I was thinking about a paper I read today on Innovating Through Recession by Andrew Razeghi, Kellogg School of Management, which I heard about via @ecevents on Twitter, I attempted to Embed the paper here. By the way, I often think as I write – and the attempt to “marshall” the information (no pun intended on my first name) often leads to my flashes of insight – as I write. I can tell you right now this is going to be a long post – and furthermore – it’s worth reading it – all the way though, maybe a couple of times.
Want to say something, about me, first – lately I’ve been really busy, and gradually, I found myself, over the last year or so, not responding or reaching out as much, via Social Media, to people who comment on my blogs, but a meeting with Gary Vaynerchuk cured me of that error (see Gary Vaynerchuk Videos from Motivational Meetup – 11-5-05 and More footage from Gary Vaynerchuk and Dennis Mortensen)
Gary thought me that if you have a Brand, and I do, it’s me, my Web Analytics and my Art, you need to work that Brand, and reply to every comment, and even as many tweets as your can – you need to show your open to conversation and having one.
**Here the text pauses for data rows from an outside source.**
(* Let $\Gamma$ be a connected signed graph on $N$ vertices. Then the flexibility $\tau(\Gamma)=N+1-c(\Gamma_+)-c(\Gamma_-)$ equals the dimension of the group of cycles of mixed type, i.e. the dimension of the real linear span of the vectors $v^\gamma=\partial(\gamma)\in\mathbb{R}^N$ as $\gamma$ ranges over the cycles of $\Gamma$ (equivalently, $\tau(\Gamma)=\dim\operatorname{im}(\partial)$).
   Context: A signed graph $\Gamma$ is a finite simple undirected graph with vertex set $\{1,\dots,N\}$ in which every edge carries a nonzero real weight, which may be of either sign. $\Gamma_+$ (resp. $\Gamma_-$) is the spanning subgraph on all vertices containing exactly the positively (resp. negatively) weighted edges; $c(H)$ is the number of connected components of $H$. For an oriented closed cycle $\gamma$ in $\Gamma$ (an element of $H_1(\Gamma)$, extended linearly), define $v^\gamma=\partial(\gamma)\in\mathbb{R}^N$ by: $v^\gamma_i$ increases by one each time $\gamma$ enters vertex $i$ through a negatively weighted edge and exits through a positively weighted edge, decreases by one each time $\gamma$ enters $i$ through a positively weighted edge and exits through a negatively weighted edge, and receives no other contributions (so $v^\gamma_i=0$ at vertices not on $\gamma$ or where $\gamma$ enters and exits through edges of the same sign). Cycles with $v^\gamma\neq 0$ are called cycles of mixed type. *)

theory Defs
  imports "HOL-Analysis.Analysis"
begin
lemma jacobian_entries_on_predator_nullcline:
  fixes a b c p q x :: real
  defines "y \<equiv> 1 - c*x" and "r \<equiv> 2*A1 a c q*x + A2 a c p q"
  assumes "0 < q" "0 < x" "0 < y" "fP a p q x y = 0"
  shows "pdx (fP a p q) x y = -x*(r + c*a*(2*q*y+1))/(1+q*y)"
    and "pdy (fP a p q) x y = -x*a*(2*q*y+1)/(1+q*y)"
    and "pdy (fQ b c) x y = -b*y"
proof -
  have D: "0 < 1+q*y" using assms(3,5) by (simp add: add_pos_pos)
  have slope: "1+p-2*x = -(r + c*a*(2*q*y+1))"
    using nullcline_quadratic_slope[of p x c a q] unfolding r_def y_def by linarith
  show "pdx (fP a p q) x y = -x*(r + c*a*(2*q*y+1))/(1+q*y)"
    unfolding pdx_fP_at_zero[OF assms(4) D assms(6)] slope
    by (simp only: mult_minus_left mult_minus_right)
  show "pdy (fP a p q) x y = -x*a*(2*q*y+1)/(1+q*y)"
    using pdy_fP_at_zero[of x q y a p] D assms(4,6) by simp
  show "pdy (fQ b c) x y = -b*y" unfolding pdy_fQ y_def by (simp add: algebra_simps)
qed

lemma jacobian_on_predator_nullcline:
  fixes a b c p q x :: real
  defines "y \<equiv> 1 - c*x" and "r \<equiv> 2*A1 a c q*x + A2 a c p q"
  assumes "0 < q" "0 < x" "0 < y" "fP a p q x y = 0"
  shows "jac_det (fP a p q) (fQ b c) x y = b*x*y*r/(1+q*y)"
    and "jac_tr (fP a p q) (fQ b c) x y = -x*(r + c*a*(2*q*y+1))/(1+q*y) - b*y"
proof -
  define D where "D = 1+q*y"
  have "0 < D" using assms(3,5) by (simp add: D_def add_pos_pos)
  note entries =
    jacobian_entries_on_predator_nullcline[OF assms(3-6)[unfolded y_def], folded y_def r_def]
  show "jac_det (fP a p q) (fQ b c) x y = b*x*y*r/(1+q*y)"
    and "jac_tr (fP a p q) (fQ b c) x y = -x*(r + c*a*(2*q*y+1))/(1+q*y) - b*y"
    unfolding jac_det_def jac_tr_def entries pdx_fQ D_def[symmetric] using \<open>0 < D\<close>
    by (simp_all add: field_simps)
qed

lemma is_saddle_if_neg_slope:
  assumes "0 < b" "0 < q" "positive_equilibrium (fP a p q) (fQ b c) x (1-c*x)"
    and "2*A1 a c q*x + A2 a c p q < 0"
  shows "is_saddle (fP a p q) (fQ b c) x (1-c*x)"
proof -
  from assms(3) have x: "0 < x" and y: "0 < 1-c*x" and eq: "fP a p q x (1-c*x) = 0"
    unfolding positive_equilibrium_def is_equilibrium_def by auto
  have "0 < b*x*(1-c*x)" "0 < 1+q*(1-c*x)" using assms(1,2) x y by (simp_all add: add_pos_pos)
  with assms(4) have "jac_det (fP a p q) (fQ b c) x (1-c*x) < 0"
    unfolding jacobian_on_predator_nullcline(1)[OF assms(2) x y eq]
    by (simp add: divide_neg_pos mult_pos_neg)
  with assms(3) show ?thesis
    unfolding is_saddle_def positive_equilibrium_def using opposite_sign_roots by blast
qed

lemma is_stable_node_if_pos_slope:
  assumes "0 < a" "0 < b" "0 < c" "0 < q" "positive_equilibrium (fP a p q) (fQ b c) x (1-c*x)"
    and "0 < 2*A1 a c q*x + A2 a c p q"
  shows "is_stable_node (fP a p q) (fQ b c) x (1-c*x)"
proof -
  define y r where "y = 1-c*x" and "r = 2*A1 a c q*x + A2 a c p q"
  from assms(5) have x: "0 < x" and y: "0 < y" and eq: "fP a p q x y = 0"
    unfolding positive_equilibrium_def is_equilibrium_def y_def by auto
  have D: "0 < 1+q*y" using assms(4) y by (simp add: add_pos_pos)
  have E: "0 < c*a*(2*q*y+1)" using assms(1,3,4) y by (simp add: add_pos_pos)
  define R S V where "R = x*r/(1+q*y)" and "S = x*(r + c*a*(2*q*y+1))/(1+q*y)" and "V = b*y"
  have "0 < R" "R \<le> S" "0 < V"
    using assms(2,6) x y D E unfolding R_def S_def V_def r_def by (simp_all add: divide_right_mono)
  moreover have "jac_det (fP a p q) (fQ b c) x y = V*R" "jac_tr (fP a p q) (fQ b c) x y = -S - V"
    using jacobian_on_predator_nullcline[OF assms(4) x y[unfolded y_def] eq[unfolded y_def]]
    unfolding R_def S_def V_def r_def y_def by simp_all
  ultimately show ?thesis
    using assms(5) negative_roots_of_dominated_product[of R S V]
    unfolding is_stable_node_def positive_equilibrium_def y_def by auto
qed

lemma is_saddle_node_if_zero_slope:
  assumes "0 < a" "0 < b" "0 < c" "0 < q" "positive_equilibrium (fP a p q) (fQ b c) x (1-c*x)"
    and "2*A1 a c q*x + A2 a c p q = 0"
  shows "is_saddle_node (fP a p q) (fQ b c) x (1-c*x)"
proof -
  define y where "y = 1-c*x"
  from assms(5) have x: "0 < x" and y: "0 < y" and eq: "fP a p q x y = 0"
    unfolding positive_equilibrium_def is_equilibrium_def y_def by auto
  define D where "D = 1+q*y"
  have "0 < D" "0 < c*a*(2*q*y+1)" "0 < A1 a c q"
    using assms(1,3,4) y unfolding D_def A1_def by (simp_all add: add_pos_pos)
  note facts = assms(4) x y[unfolded y_def] eq[unfolded y_def]
  note J = jacobian_on_predator_nullcline[OF facts, folded y_def D_def, unfolded assms(6)]
  note entries =
    jacobian_entries_on_predator_nullcline[OF facts, folded y_def D_def, unfolded assms(6)]
  define Px Py where "Px = pdx (fP a p q) x y" and "Py = pdy (fP a p q) x y"
  have Px: "Px = c * Py" unfolding Px_def Py_def entries by (simp add: algebra_simps)
  have hess: "b*y * hess_form (fP a p q) x y 1 (-c) + Py * hess_form (fQ b c) x y 1 (-c) \<noteq> 0"
    using hess_form_fP_at_double_root[OF facts assms(6), folded y_def D_def]
      \<open>0 < D\<close> \<open>0 < A1 a c q\<close> x y assms(2)
    by (simp add: hess_form_fQ)
  have "0 < x * (c*a*(2*q*y+1)) / D" using x \<open>0 < D\<close> \<open>0 < c*a*(2*q*y+1)\<close> by simp
  moreover have "0 < b*y" using assms(2) y by simp
  ultimately have "jac_tr (fP a p q) (fQ b c) x y < 0" unfolding J by simp
  with assms(5) J(1) hess Px y assms(2) show ?thesis
    unfolding is_saddle_node_def y_def[symmetric] Px_def[symmetric] Py_def[symmetric]
    by (intro conjI exI[of _ 1] exI[of _ "-c"] exI[of _ "b*y"] exI[of _ Py])
       (simp_all add: positive_equilibrium_def entries(3) pdx_fQ)
qed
Gary Vaynerchuk even said that if you have a blog with 2500 visitors a month or more, you can turn that blog into an income of 4K or 5K a month, if your willing to build up the Brand – but it’s a lot, a lot of work. But it was always work. I wasn’t thinking about the money – but then again, I would not mind it. But at least, I know what I need to focus on – and it’s what I want to do, anyway.
Getting back to the Innovating Through Recession paper (below)
Innovating Through Recession (Andrew Razeghi, Kellogg School of Management)
Get your own at Scribd or explore others: Government Business marketing web
… I was thinking about how parts of this paper would play into Social Media outreach and how we’d track it using Web Analytics and Buzz Media Tracking. I realize Web Analytics and Buzz Media Tracking are not the same thing – but I see them merging, eventually, done by the same team.
The first two points, “Listening to the Market” and “Investing in Your Custom is perfect for Social Media Buzz Tracking – think about it – if your not listening via Twitter, via comments on Blogs in the subject area your company or Brand it part of – ie: using platforms like Radian6 to identify influentialsls – you have few clues on where the conversation is taking place, what it is, and how you can reply.
Setting up a Profile in Radian6, SM2, Trackur, is not a bad idea, and having someone in the Analytics team, who works with Marketing and PR, is probably not a bad idea, either. The biggest problem will be knowing about issues, and problems that crop up in enough time to respond to them – if it’s no one’s job – it won’t happen – and right now, it’s usually no one’s job,and there are no tools being purchased - but the role might be sourced out to a Marketing PR agency – which is a bad idea – they are not your Brand, you are – and it needs to be a pretty senior type person who is part of the Brand outreach and response.
Recently, I was asked to weigh in on this conversation monster hoping to ‘reinvent’ industry and I noticed several comments – people are asking to engage – they want to hear – but does anyone think about how to go and answer every question that anyone has? But that’s what you’d have to do now – go out and engage with each one of them, on every blog, message board and social network they live.
That’s how you defend Brand today, in my opinion. To be honest with you, I’m not sure weather the product is really better or not, as much as it’s perceived people’s opinion is being listened to, considered, and acknowledged. But if the “product” really is better, people will more likely listen if the reviews are coming from all over the internet, and not just from the Brand, itself.
I could almost see crowd sourcing the response to employees, getting everyone involved – just give them a “press kit” of guidelines – appoint and editor – and let the employees go out there an answer – in mass – that would be the way to do it now, and Search Engines would love it.
That’s what I’d do, if I were running Social Media for a Brand (did I throw down the gauntlet?) Yeah, I did.
End of point 1 and 2 – in Innovating Through Recession by Andrew Razeghi, Kellogg School of Management listening was done, during the Depression and last few recessions, by having different ideas and trying them – against conventional wisdom, but today, with the rise of the Internet and Social Media, it could be done differently, still innovating, but getting feedback from the “Cloud”.
The rest of Innovating Through Recession by Andrew Razeghi, Kellogg School of Management is worth reading as well, and supports what I’m saying, above.